Switching to these trays was an easy decision for Helina Dlugon, who has served as Brown Avenue’s principal for 23 years. Every day, she runs the lunch operation, calling up students in groups to grab their lunches and again at the end of lunch to clean up in five minutes.

As a daughter of Polish immigrants on a Pennsylvania farm, Dlugon said she grew up recycling, composting and taking care of land. She watched as her father would pick up any stray cans he saw lying around and recycle them.

“People in my position have an opportunity to make a change,” she said. “And if somebody is willing to put their necks forward to make that change, others will follow.”

The new lunch-ware required buying 150 stainless steel trays and just over $1,000, Dlugon said. A grant from the Rhode Island Education Department covered the cost.

Because Brown Avenue already had a dishwasher, it was better suited to take on this transition. As the trays are returned to the kitchen throughout lunch, kitchen staff member Nancy Carlton places them on a rack in a hatch-like dishwasher that can wash a dozen per minute, she said, and the trays have added only 15 minutes to her day. Compostable trays serve as a backup option in case they run out of steel ones.
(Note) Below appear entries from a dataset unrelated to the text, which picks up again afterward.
lemma cnt_concat_rows: "cnt a (concat (map B (rev [1..<m+1]))) = (\<Sum>j\<in>{1..m}. cnt a (B j))"
  by (induction m) (auto simp: add.commute)

lemma ball_atLeastAtMost_Suc: "(\<forall>j\<in>{1..Suc m}. P j) = ((\<forall>j\<in>{1..m}. P j) \<and> P (Suc m))"
proof -
  have "{1..Suc m} = insert (Suc m) {1..m}" by auto
  thus ?thesis by auto
qed

lemma suffix_bounded_concat_sorted:
  assumes "\<forall>j\<in>{1..m}. sorted (B j)" "0 \<le> K"
  shows "suffix_bounded a K (concat (map B (rev [1..<m+1]))) \<longleftrightarrow>
    (\<forall>j\<in>{1..m}. (\<Sum>j'\<in>{1..j}. int (cnt (Suc a) (B j'))) \<le> (\<Sum>j'\<in>{1..<j}. int (cnt a (B j'))) + K)"
  using assms(1)
proof (induction m)
  case 0 thus ?case using assms(2) by (simp add: suffix_bounded_def)
next
  case (Suc m)
  define W where "W = concat (map B (rev [1..<m+1]))"
  have eq: "concat (map B (rev [1..<Suc m+1])) = B (Suc m) @ W" unfolding W_def by simp
  have srt: "sorted (B (Suc m))" using Suc.prems by auto
  have cW: "int (cnt c W) = (\<Sum>j'\<in>{1..m}. int (cnt c (B j')))" for c
    unfolding W_def cnt_concat_rows by simp
  have IH: "suffix_bounded a K W \<longleftrightarrow> (\<forall>j\<in>{1..m}. (\<Sum>j'\<in>{1..j}. int (cnt (Suc a) (B j'))) \<le> (\<Sum>j'\<in>{1..<j}. int (cnt a (B j'))) + K)"
    unfolding W_def using Suc by auto
  have last: "(\<forall>q\<le>length (B (Suc m)). int (cnt (Suc a) (drop q (B (Suc m)))) + int (cnt (Suc a) W)
                  \<le> int (cnt a (drop q (B (Suc m)))) + (int (cnt a W) + K))
       \<longleftrightarrow> (\<Sum>j'\<in>{1..Suc m}. int (cnt (Suc a) (B j'))) \<le> (\<Sum>j'\<in>{1..<Suc m}. int (cnt a (B j'))) + K"
  proof -
    have "{1..<Suc m} = {1..m}" by auto
    moreover have "(\<Sum>j'\<in>{1..Suc m}. int (cnt (Suc a) (B j'))) = int (cnt (Suc a) (B (Suc m))) + int (cnt (Suc a) W)"
      using cW by simp
    ultimately show ?thesis using sorted_suffix_excess_iff[OF srt, of a "int (cnt (Suc a) W)" "int (cnt a W) + K"] cW
      by (simp add: ac_simps)
  qed
  show ?case unfolding eq suffix_bounded_append IH last ball_atLeastAtMost_Suc by (rule refl)
qed
(* Let $M$ be a unicyclic partial multiplication matrix. There is a bound $B$, depending only on $M$, such that for every $M$-coil $\pi$ and every $M$-gridding $\pi^\#$ of $\pi$, the gridded permutation $\pi^\#$ has at most $B$ misplaced points.
   Context: A gridding matrix has entries in $\{0,1,-1\}$; an $m\times n$ one has $m$ columns, $n$ rows, $M_{ij}$ in column $i$ from the left and row $j$ from the bottom. An $M$-gridding of a permutation $\pi$ of length $L$ is a choice of vertical lines $\tfrac12=v_0\le\dots\le v_m=L+\tfrac12$ and horizontal lines $\tfrac12=h_0\le\dots\le h_n=L+\tfrac12$, not through points of $\pi$, such that in each cell $C_{ij}=\{v_{i-1}<x<v_i,\ h_{j-1}<y<h_j\}$ the points of $\pi$ are absent if $M_{ij}=0$, increasing if $M_{ij}=1$, decreasing if $M_{ij}=-1$; the result is an $M$-gridded permutation. The row-column graph $G_M$ is the bipartite graph on $\{1,\dots,m\}\cup\{1',\dots,n'\}$ with edge $ij'$ iff $M_{ij}\neq0$ (cell $(i,j)$ corresponds to edge $ij'$); $M$ is unicyclic if $G_M$ has exactly one cycle. In an $M$-gridding, a point is misplaced if it lies in a cell that does not correspond to an edge of the cycle of $G_M$. $M$ is a partial multiplication matrix: there are fixed $c_1,\dots,c_m,r_1,\dots,r_n\in\{\pm1\}$ with $M_{ij}=c_ir_j$ for each non-zero entry. Column $i$ is oriented left-to-right if $c_i=1$, right-to-left otherwise; row $j$ bottom-to-top if $r_j=1$, top-to-bottom otherwise. The orientation digraph of an $M$-gridded permutation has its points as vertices with $x\to y$ whenever $x,y$ lie in a common column of cells and $x$ precedes $y$ in that column's orientation, or in a common row of cells and $x$ precedes $y$ in that row's orientation. Let $\ell$ be the length of the cycle of $G_M$. A gridded $M$-coil is an $M$-gridded permutation of length $n>\ell$ with an ordering $v_1,\dots,v_n$ of its points and a labelling by $1,\dots,\ell$ of the cells corresponding to the edges of the cycle such that (C1) $v_i$ lies in cell $i\bmod\ell$ (residues in $\{1,\dots,\ell\}$); (C2) $v_{i-1}\to v_i$ for $1<i\le n$; (C3) $v_i\to v_{i-\ell-1}$ for $\ell+1<i\le n$; (C4) $v_{\ell+1}\to v_1$. An $M$-coil is a permutation having some $M$-gridding which is a gridded $M$-coil. *)

theory Defs
  imports Main
begin

(* A gridding matrix with m columns and n rows is a function M :: nat => nat => int,
   M i j the entry in column i (1..m, from the left) and row j (1..n, from the bottom).
   A permutation of length L is pi :: nat => nat, a bijection of {1..L}; its points are
   identified with their positions p in {1..L} (the point (p, pi p)).
   Grid lines: the vertical line v_i = vv i + 1/2 with vv i :: nat, similarly for rows,
   so the line through no point is encoded by the integer just below it. *)

definition gridding_matrix :: "nat \<Rightarrow> nat \<Rightarrow> (nat \<Rightarrow> nat \<Rightarrow> int) \<Rightarrow> bool" where
  "gridding_matrix m n M \<longleftrightarrow> (\<forall>i\<in>{1..m}. \<forall>j\<in>{1..n}. M i j \<in> {-1, 0, 1})"

definition is_perm :: "nat \<Rightarrow> (nat \<Rightarrow> nat) \<Rightarrow> bool" where
  "is_perm L pi \<longleftrightarrow> bij_betw pi {1..L} {1..L}"

definition in_col :: "(nat \<Rightarrow> nat) \<Rightarrow> nat \<Rightarrow> nat \<Rightarrow> bool" where
  "in_col vv i p \<longleftrightarrow> vv (i - 1) < p \<and> p \<le> vv i"

definition in_row :: "(nat \<Rightarrow> nat) \<Rightarrow> (nat \<Rightarrow> nat) \<Rightarrow> nat \<Rightarrow> nat \<Rightarrow> bool" where
  "in_row pi hh j p \<longleftrightarrow> hh (j - 1) < pi p \<and> pi p \<le> hh j"

definition in_cell :: "(nat \<Rightarrow> nat) \<Rightarrow> (nat \<Rightarrow> nat) \<Rightarrow> (nat \<Rightarrow> nat) \<Rightarrow> nat \<times> nat \<Rightarrow> nat \<Rightarrow> bool" where
  "in_cell pi vv hh ij p \<longleftrightarrow> in_col vv (fst ij) p \<and> in_row pi hh (snd ij) p"

definition is_gridding ::
  "nat \<Rightarrow> nat \<Rightarrow> (nat \<Rightarrow> nat \<Rightarrow> int) \<Rightarrow> nat \<Rightarrow> (nat \<Rightarrow> nat) \<Rightarrow> (nat \<Rightarrow> nat) \<Rightarrow> (nat \<Rightarrow> nat) \<Rightarrow> bool" where
  "is_gridding m n M L pi vv hh \<longleftrightarrow>
     vv 0 = 0 \<and> vv m = L \<and> (\<forall>i<m. vv i \<le> vv (Suc i)) \<and>
     hh 0 = 0 \<and> hh n = L \<and> (\<forall>j<n. hh j \<le> hh (Suc j)) \<and>
     (\<forall>i\<in>{1..m}. \<forall>j\<in>{1..n}.
        (M i j = 0 \<longrightarrow> (\<forall>p\<in>{1..L}. \<not> in_cell pi vv hh (i, j) p)) \<and>
        (M i j = 1 \<longrightarrow> (\<forall>p\<in>{1..L}. \<forall>q\<in>{1..L}.
             in_cell pi vv hh (i, j) p \<and> in_cell pi vv hh (i, j) q \<and> p < q \<longrightarrow> pi p < pi q)) \<and>
        (M i j = -1 \<longrightarrow> (\<forall>p\<in>{1..L}. \<forall>q\<in>{1..L}.
             in_cell pi vv hh (i, j) p \<and> in_cell pi vv hh (i, j) q \<and> p < q \<longrightarrow> pi p > pi q)))"

(* Cycles of the row-column graph G_M, given as their edge sets (edge ij' = cell (i,j)). *)
definition is_cycle :: "nat \<Rightarrow> nat \<Rightarrow> (nat \<Rightarrow> nat \<Rightarrow> int) \<Rightarrow> (nat \<times> nat) set \<Rightarrow> bool" where
  "is_cycle m n M C \<longleftrightarrow>
     (\<exists>k ic jc. k \<ge> 2 \<and> inj_on ic {0..<k} \<and> inj_on jc {0..<k} \<and>
        ic ` {0..<k} \<subseteq> {1..m} \<and> jc ` {0..<k} \<subseteq> {1..n} \<and>
        (\<forall>t<k. M (ic t) (jc t) \<noteq> 0 \<and> M (ic (Suc t mod k)) (jc t) \<noteq> 0) \<and>
        C = (\<lambda>t. (ic t, jc t)) ` {0..<k} \<union> (\<lambda>t. (ic (Suc t mod k), jc t)) ` {0..<k})"

definition unicyclic :: "nat \<Rightarrow> nat \<Rightarrow> (nat \<Rightarrow> nat \<Rightarrow> int) \<Rightarrow> bool" where
  "unicyclic m n M \<longleftrightarrow> (\<exists>!C. is_cycle m n M C)"

definition the_cycle :: "nat \<Rightarrow> nat \<Rightarrow> (nat \<Rightarrow> nat \<Rightarrow> int) \<Rightarrow> (nat \<times> nat) set" where
  "the_cycle m n M = (THE C. is_cycle m n M C)"

definition pmm_signs ::
  "nat \<Rightarrow> nat \<Rightarrow> (nat \<Rightarrow> nat \<Rightarrow> int) \<Rightarrow> (nat \<Rightarrow> int) \<Rightarrow> (nat \<Rightarrow> int) \<Rightarrow> bool" where
  "pmm_signs m n M c r \<longleftrightarrow>
     (\<forall>i\<in>{1..m}. c i \<in> {-1, 1}) \<and> (\<forall>j\<in>{1..n}. r j \<in> {-1, 1}) \<and>
     (\<forall>i\<in>{1..m}. \<forall>j\<in>{1..n}. M i j \<noteq> 0 \<longrightarrow> M i j = c i * r j)"

definition orient_arrow ::
  "nat \<Rightarrow> nat \<Rightarrow> (nat \<Rightarrow> int) \<Rightarrow> (nat \<Rightarrow> int) \<Rightarrow> (nat \<Rightarrow> nat) \<Rightarrow> (nat \<Rightarrow> nat) \<Rightarrow> (nat \<Rightarrow> nat)
     \<Rightarrow> nat \<Rightarrow> nat \<Rightarrow> bool" where
  "orient_arrow m n c r pi vv hh p q \<longleftrightarrow>
     (\<exists>i\<in>{1..m}. in_col vv i p \<and> in_col vv i q \<and> (if c i = 1 then p < q else q < p)) \<or>
     (\<exists>j\<in>{1..n}. in_row pi hh j p \<and> in_row pi hh j q \<and> (if r j = 1 then pi p < pi q else pi q < pi p))"

(* gridded M-coil: ordering sigma (sigma k = k-th point v_k), labelling lab of the cycle cells *)
definition is_gridded_coil ::
  "nat \<Rightarrow> nat \<Rightarrow> (nat \<Rightarrow> nat \<Rightarrow> int) \<Rightarrow> (nat \<Rightarrow> int) \<Rightarrow> (nat \<Rightarrow> int) \<Rightarrow> nat \<Rightarrow> (nat \<Rightarrow> nat)
     \<Rightarrow> (nat \<Rightarrow> nat) \<Rightarrow> (nat \<Rightarrow> nat) \<Rightarrow> bool" where
  "is_gridded_coil m n M c r L pi vv hh \<longleftrightarrow>
     is_gridding m n M L pi vv hh \<and>
     (let C = the_cycle m n M; l = card C in
       L > l \<and>
       (\<exists>sigma lab. bij_betw sigma {1..L} {1..L} \<and> bij_betw lab {1..l} C \<and>
          (\<forall>k\<in>{1..L}. in_cell pi vv hh (lab ((k - 1) mod l + 1)) (sigma k)) \<and>
          (\<forall>k. 1 < k \<and> k \<le> L \<longrightarrow> orient_arrow m n c r pi vv hh (sigma (k - 1)) (sigma k)) \<and>
          (\<forall>k. l + 1 < k \<and> k \<le> L \<longrightarrow> orient_arrow m n c r pi vv hh (sigma k) (sigma (k - l - 1))) \<and>
          orient_arrow m n c r pi vv hh (sigma (l + 1)) (sigma 1)))"
(* Fix an integer $d\ge 2$ and for $k\ge2$ let $G_k=\prod_{i=1}^d P_k$ be the $d$-dimensional grid with all sides of $k$ vertices. There are constants $a_1,a_2,b_1,b_2>0$, depending only on $d$, such that for all $k\ge2$: $$a_1k\le\mathrm{bdim}(G_k)\le a_2k, \qquad b_1k^d\le\mathrm{adim}(G_k)\le b_2k^d.$$ Moreover, the ratios $\mathrm{adim}(G)/\mathrm{bdim}(G)$ and $\mathrm{bdim}(G)/\dim(G)$ are unbounded over connected graphs $G$; in particular, for each fixed $d\ge2$ both tend to infinity along $G_k$ as $k\to\infty$.
   Context: $\prod_{i=1}^d P_k$ is the iterated Cartesian product of $d$ copies of the path $P_k$. $d(x,y)$ denotes graph distance. A set $S\subseteq V(G)$ is a resolving set if for all distinct $x,y$ there is $z\in S$ with $d(x,z)\ne d(y,z)$. $\dim(G)$ is the minimum size of a resolving set. For an integer $k\ge1$ let $d_k(x,y)=\min\{d(x,y),k+1\}$. A set $A\subseteq V(G)$ is an adjacency resolving set if for all distinct $x,y\in V(G)$ there is $z\in A$ with $d_1(x,z)\ne d_1(y,z)$. $\mathrm{adim}(G)$ is the minimum size of an adjacency resolving set. A function $f:V(G)\to\mathbb{Z}_{\ge 0}$ is a resolving broadcast of $G$ if for all distinct $x,y\in V(G)$ there is $z\in V(G)$ with $f(z)=i>0$ and $d_i(x,z)\ne d_i(y,z)$. The broadcast dimension $\mathrm{bdim}(G)$ is the minimum of $\sum_{v\in V(G)}f(v)$ over all resolving broadcasts $f$ of $G$. *)

theory Defs
  imports Complex_Main
begin

definition is_walk :: "'a set \<Rightarrow> ('a \<Rightarrow> 'a \<Rightarrow> bool) \<Rightarrow> 'a list \<Rightarrow> bool" where
  "is_walk V E xs \<longleftrightarrow> xs \<noteq> [] \<and> set xs \<subseteq> V \<and> (\<forall>i. Suc i < length xs \<longrightarrow> E (xs ! i) (xs ! Suc i))"

definition gdist :: "'a set \<Rightarrow> ('a \<Rightarrow> 'a \<Rightarrow> bool) \<Rightarrow> 'a \<Rightarrow> 'a \<Rightarrow> nat" where
  "gdist V E x y = (LEAST n. \<exists>xs. is_walk V E xs \<and> hd xs = x \<and> last xs = y \<and> length xs = Suc n)"

definition tdist :: "'a set \<Rightarrow> ('a \<Rightarrow> 'a \<Rightarrow> bool) \<Rightarrow> nat \<Rightarrow> 'a \<Rightarrow> 'a \<Rightarrow> nat" where
  "tdist V E k x y = min (gdist V E x y) (k + 1)"

definition resolving_set :: "'a set \<Rightarrow> ('a \<Rightarrow> 'a \<Rightarrow> bool) \<Rightarrow> 'a set \<Rightarrow> bool" where
  "resolving_set V E S \<longleftrightarrow> S \<subseteq> V \<and>
     (\<forall>x\<in>V. \<forall>y\<in>V. x \<noteq> y \<longrightarrow> (\<exists>z\<in>S. gdist V E x z \<noteq> gdist V E y z))"

definition metric_dim :: "'a set \<Rightarrow> ('a \<Rightarrow> 'a \<Rightarrow> bool) \<Rightarrow> nat" where
  "metric_dim V E = (LEAST n. \<exists>S. finite S \<and> resolving_set V E S \<and> card S = n)"

definition adj_resolving_set :: "'a set \<Rightarrow> ('a \<Rightarrow> 'a \<Rightarrow> bool) \<Rightarrow> 'a set \<Rightarrow> bool" where
  "adj_resolving_set V E A \<longleftrightarrow> A \<subseteq> V \<and>
     (\<forall>x\<in>V. \<forall>y\<in>V. x \<noteq> y \<longrightarrow> (\<exists>z\<in>A. tdist V E 1 x z \<noteq> tdist V E 1 y z))"

definition adim :: "'a set \<Rightarrow> ('a \<Rightarrow> 'a \<Rightarrow> bool) \<Rightarrow> nat" where
  "adim V E = (LEAST n. \<exists>A. finite A \<and> adj_resolving_set V E A \<and> card A = n)"

definition resolving_broadcast :: "'a set \<Rightarrow> ('a \<Rightarrow> 'a \<Rightarrow> bool) \<Rightarrow> ('a \<Rightarrow> nat) \<Rightarrow> bool" where
  "resolving_broadcast V E f \<longleftrightarrow> (\<forall>v. v \<notin> V \<longrightarrow> f v = 0) \<and>
     (\<forall>x\<in>V. \<forall>y\<in>V. x \<noteq> y \<longrightarrow>
        (\<exists>z\<in>V. f z > 0 \<and> tdist V E (f z) x z \<noteq> tdist V E (f z) y z))"

definition bdim :: "'a set \<Rightarrow> ('a \<Rightarrow> 'a \<Rightarrow> bool) \<Rightarrow> nat" where
  "bdim V E = (LEAST n. \<exists>f. resolving_broadcast V E f \<and> (\<Sum>v\<in>V. f v) = n)"

text \<open>The grid \<Prod>_{i=1}^d P_k: vertices are lists of length d with entries in {0..<k};
  two vertices are adjacent iff they differ in exactly one coordinate, by exactly 1
  (Cartesian product of paths).\<close>
definition grid_V :: "nat \<Rightarrow> nat \<Rightarrow> nat list set" where
  "grid_V d k = {xs. length xs = d \<and> (\<forall>i<d. xs ! i < k)}"

definition grid_E :: "nat list \<Rightarrow> nat list \<Rightarrow> bool" where
  "grid_E xs ys \<longleftrightarrow> length xs = length ys \<and>
     (\<exists>i<length xs. (ys ! i = Suc (xs ! i) \<or> xs ! i = Suc (ys ! i)) \<and>
        (\<forall>j<length xs. j \<noteq> i \<longrightarrow> xs ! j = ys ! j))"

end

theory Submission
  imports Defs
begin

text \<open>Distances in the grid are taxicab distances. Hence the origin together with the \<open>d\<close>
  far corners on the axes resolves the grid (two points at equal distance from the origin are
  separated by the corner on an axis where they differ), and broadcasting the diameter
  \<open>d(k - 1)\<close> from these \<open>d + 1\<close> corners gives \<open>bdim = O(k)\<close> and \<open>dim \<le> d + 1\<close>.
  For the lower bounds, at most one vertex can be out of reach of all broadcasting vertices;
  a broadcast of strength \<open>f z\<close> reaches at most \<open>2 f z + 1\<close> vertices of an axis of length \<open>k\<close>,
  and an adjacency landmark reaches at most \<open>2d + 1\<close> vertices of the whole grid. This gives
  \<open>bdim = \<Omega>(k)\<close> and \<open>adim = \<Omega>(k\<^sup>d)\<close>, and since \<open>d \<ge> 2\<close> both ratios grow linearly in \<open>k\<close>.\<close>

lemma is_walk_Cons:
  assumes "is_walk V E xs" "x \<in> V" "E x (hd xs)"
  shows "is_walk V E (x # xs)"
  using assms unfolding is_walk_def
  by (auto simp: hd_conv_nth nth_Cons split: nat.splits)

lemma gdist_le_walk:
  assumes "is_walk V E xs" "hd xs = x" "last xs = y"
  shows "gdist V E x y \<le> length xs - 1"
  unfolding gdist_def
proof (rule Least_le)
  show "\<exists>ys. is_walk V E ys \<and> hd ys = x \<and> last ys = y \<and> length ys = Suc (length xs - 1)"
    using assms by (intro exI[of _ xs]) (auto simp: is_walk_def)
qed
School officials project they will save $3,500 per school year, after accounting for the new trays and extra staff time. Kelly DeAngelis, a facilitator with the Rhode Island School Recycling Project, who helped Brown Avenue make the switch, said that the school’s experience has inspired others in the district to follow suit.

Switching to a reusable option is better for children’s health and often the school’s budget, said Plastic Free Restaurants founder John Charles Meyer, whose group provides funding to kitchens throughout the country to replace single-use plastic. But it takes work to convince administrators to invest time and effort into the transition.

“I’ve learned when speaking to schools, you do not lead with the environment,” Meyer said. “What you lead with is, ‘Your school is poisoning your children.’”

Children are especially vulnerable to chemical leaching and microplastics because of their hormonal development, Mantravadi said.

“They’re not just toxic for the planet, they’re toxic for human health,” she said.

Several cities and states besides Rhode Island have plastic-foam bans, including Maryland and the District of Columbia. And Meyer’s organization has partnered with other groups, like Rethink Disposable and the Center for Environmental Health, to eliminate 13 million single-use plastics from over 150 restaurants and schools across 13 states. Change is slow, according to Meyer, though some Democratic members of Congress are pushing to ban plastic foam nationwide by 2026.

“When you see states like Rhode Island having formal bans, what that does is it allows real enforcement of the science, and then funding to follow,” Mantravadi said.